Does Ms. Singh have a reasonable interest in Mr. Gouveia’s property, such that this interest should be protected by the issuance of a CPL against Mr. Gouveia’s property?
[14] To satisfy this requirement, I must conclude that there is, at the very minimum, a triable issue concerning whether or not Ms. Singh has a reasonable interest in Mr. Gouveia’s property. Ms. Singh has no ownership interest in the property in question. She has not challenged Mr. Gouveia’s title to his property. She is not a creditor to whom Mr. Gouveia owes money. In the circumstances of this case, I am unable to conclude that there is a triable issue regarding whether or not Ms. Singh has a reasonable interest in Mr. Gouveia’s property.
[15] That said, there appears to be conflicting authority concerning the issuing of a CPL in cases involving a claim for damages. For example, in Canada (Attorney General) v. Lanart, [1936] O.W.N. 285 (Ont. H.Ct.J.) the Crown obtained a certificate over the defendant’s property in advance of a fraud case. Riddell J.A. vacated the certificate, explaining that the Crown could not lay claim to any interest in the land before obtaining a favourable judgment. See also Toronto Dominion Bank v. Zukerman (1982), 40 O.R. (2d) 724 (H.Ct.J.).
[16] However, in Ahmed v. Rowe, 2017 ONSC 2289 where, in an action for personal injuries resulting from an automobile accident, the defendant transferred his interest in his matrimonial home for no consideration in the face of a claim for damages for approximately $20,000,000. The plaintiffs obtained a CPL and registered it against the title to the matrimonial home. This was not challenged on appeal.
[17] The Ahmed case however, is distinguishable from this case given what appeared to have been a fraudulent conveyance of the matrimonial home. There is no such transaction in this case. Carlos Gouveia has owned his home for decades. There is no evidence that he has tried to sell his home.
[18] Additionally, the plaintiff has already received approximately two million dollars following the tragic accident. It is unknown whether, even if successful at trial, she will receive an additional amount for health care expenses. Indeed, Ms. Singh has not served Mr. Gouveia with any future cost of care or future loss of income reports which would give some indication that her damages would exceed the monetary benefits she has already received. There is insufficient evidence in this case to establish a reasonable claim to an interest in the land, based on the facts upon which the plaintiff could succeed at trial.
[19] The fifth prong of the Perruzza test requires this court to exercise its discretion in equity and look at all relevant matters between the parties in determining whether a CPL should be granted. There is no evidence that Mr. Gouveia has engaged in or attempted to engage in any type of fraudulent conveyance of the property. I am unable to determine whether Ms. Singh, if successful at trial, would receive a sum of money over and above what she has already received. Additionally, the 82-year-old Mr. Gouveia jointly owns the subject property with his wife.

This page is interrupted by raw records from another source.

lemma card_subsets_containing:
  assumes X: "finite X" and x: "x \<in> X" and r: "r \<ge> 1"
  shows "card {A. A \<subseteq> X \<and> card A = r \<and> x \<in> A} = (card X - 1) choose (r - 1)"
proof -
  have "bij_betw (\<lambda>A. A - {x}) {A. A \<subseteq> X \<and> card A = r \<and> x \<in> A} {A. A \<subseteq> X - {x} \<and> card A = r - 1}"
  proof (rule bij_betw_byWitness[where f' = "insert x"])
    show "(\<lambda>A. A - {x}) ` {A. A \<subseteq> X \<and> card A = r \<and> x \<in> A} \<subseteq> {A. A \<subseteq> X - {x} \<and> card A = r - 1}"
      by auto
    have "card (insert x A) = r" if "A \<subseteq> X - {x}" "card A = r - 1" for A
    proof -
      have "finite A" "x \<notin> A" using that(1) finite_subset[OF _ X, of A] by auto
      then show ?thesis using that(2) r by simp
    qed
    then show "insert x ` {A. A \<subseteq> X - {x} \<and> card A = r - 1} \<subseteq> {A. A \<subseteq> X \<and> card A = r \<and> x \<in> A}"
      using x by auto
  qed auto
  then have "card {A. A \<subseteq> X \<and> card A = r \<and> x \<in> A} = card {A. A \<subseteq> X - {x} \<and> card A = r - 1}"
    by (rule bij_betw_same_card)
  also have "\<dots> = (card X - 1) choose (r - 1)" using X x by (simp add: n_subsets)
  finally show ?thesis .
qed

lemma card_johnson_verts_containing:
  assumes "x < m" "r \<ge> 1"
  shows "card {A \<in> johnson_verts m r. x \<in> A} = (m - 1) choose (r - 1)"
proof -
  have "{A \<in> johnson_verts m r. x \<in> A} = {A. A \<subseteq> {0..<m} \<and> card A = r \<and> x \<in> A}"
    by (auto simp: johnson_verts_iff)
  then show ?thesis using card_subsets_containing[of "{0..<m}" x r] assms by simp
qed

lemma card_johnson_verts_containing_both:
  assumes x: "x < m" and y: "y < m" and r: "r \<ge> 1"
  shows "real (card {A \<in> johnson_verts m r. x \<in> A \<and> y \<in> A}) =
    real ((m - 1) choose (r - 1)) - (if x = y then 0 else real ((m - 2) choose (r - 1)))"
proof (cases "x = y")
  case True
  then show ?thesis using card_johnson_verts_containing[OF x r] by simp
next
  case False
  have "{A \<in> johnson_verts m r. x \<in> A \<and> y \<notin> A} = {A. A \<subseteq> {0..<m} - {y} \<and> card A = r \<and> x \<in> A}"
    by (auto simp: johnson_verts_iff)
  then have "card {A \<in> johnson_verts m r. x \<in> A \<and> y \<notin> A} = (m - 2) choose (r - 1)"
    using card_subsets_containing[of "{0..<m} - {y}" x r] x y r False by (simp add: numeral_2_eq_2)
  moreover have "card {A \<in> johnson_verts m r. x \<in> A} =
      card {A \<in> johnson_verts m r. x \<in> A \<and> y \<in> A} + card {A \<in> johnson_verts m r. x \<in> A \<and> y \<notin> A}"
    by (subst card_Un_disjoint[symmetric]) (auto intro: arg_cong[where f = card] simp: finite_johnson_verts)
  ultimately show ?thesis using card_johnson_verts_containing[OF x r] False by simp
qed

Registering a CPL against the property would not only affect Mr. Gouveia’s interest; it would also affect his wife’s interest in the subject property as well.
[20] For these reasons, I am not prepared to exercise my discretion in equity and grant the request for a CPL.
Conclusion
[21] The plaintiff’s motion is denied.
Costs
[22] The plaintiff is seeking costs of $6,633.29 on a partial indemnity basis while the defendant is seeking costs of $9,112.09 on a similar basis. The defendant however, would not feel aggrieved if no costs are awarded in the event that he prevails in this matter.
[23] Given the catastrophic injury suffered by the plaintiff and the need to litigate this issue prior to a trial, I am not prepared to award costs against her. Accordingly, there will be no costs award in this matter.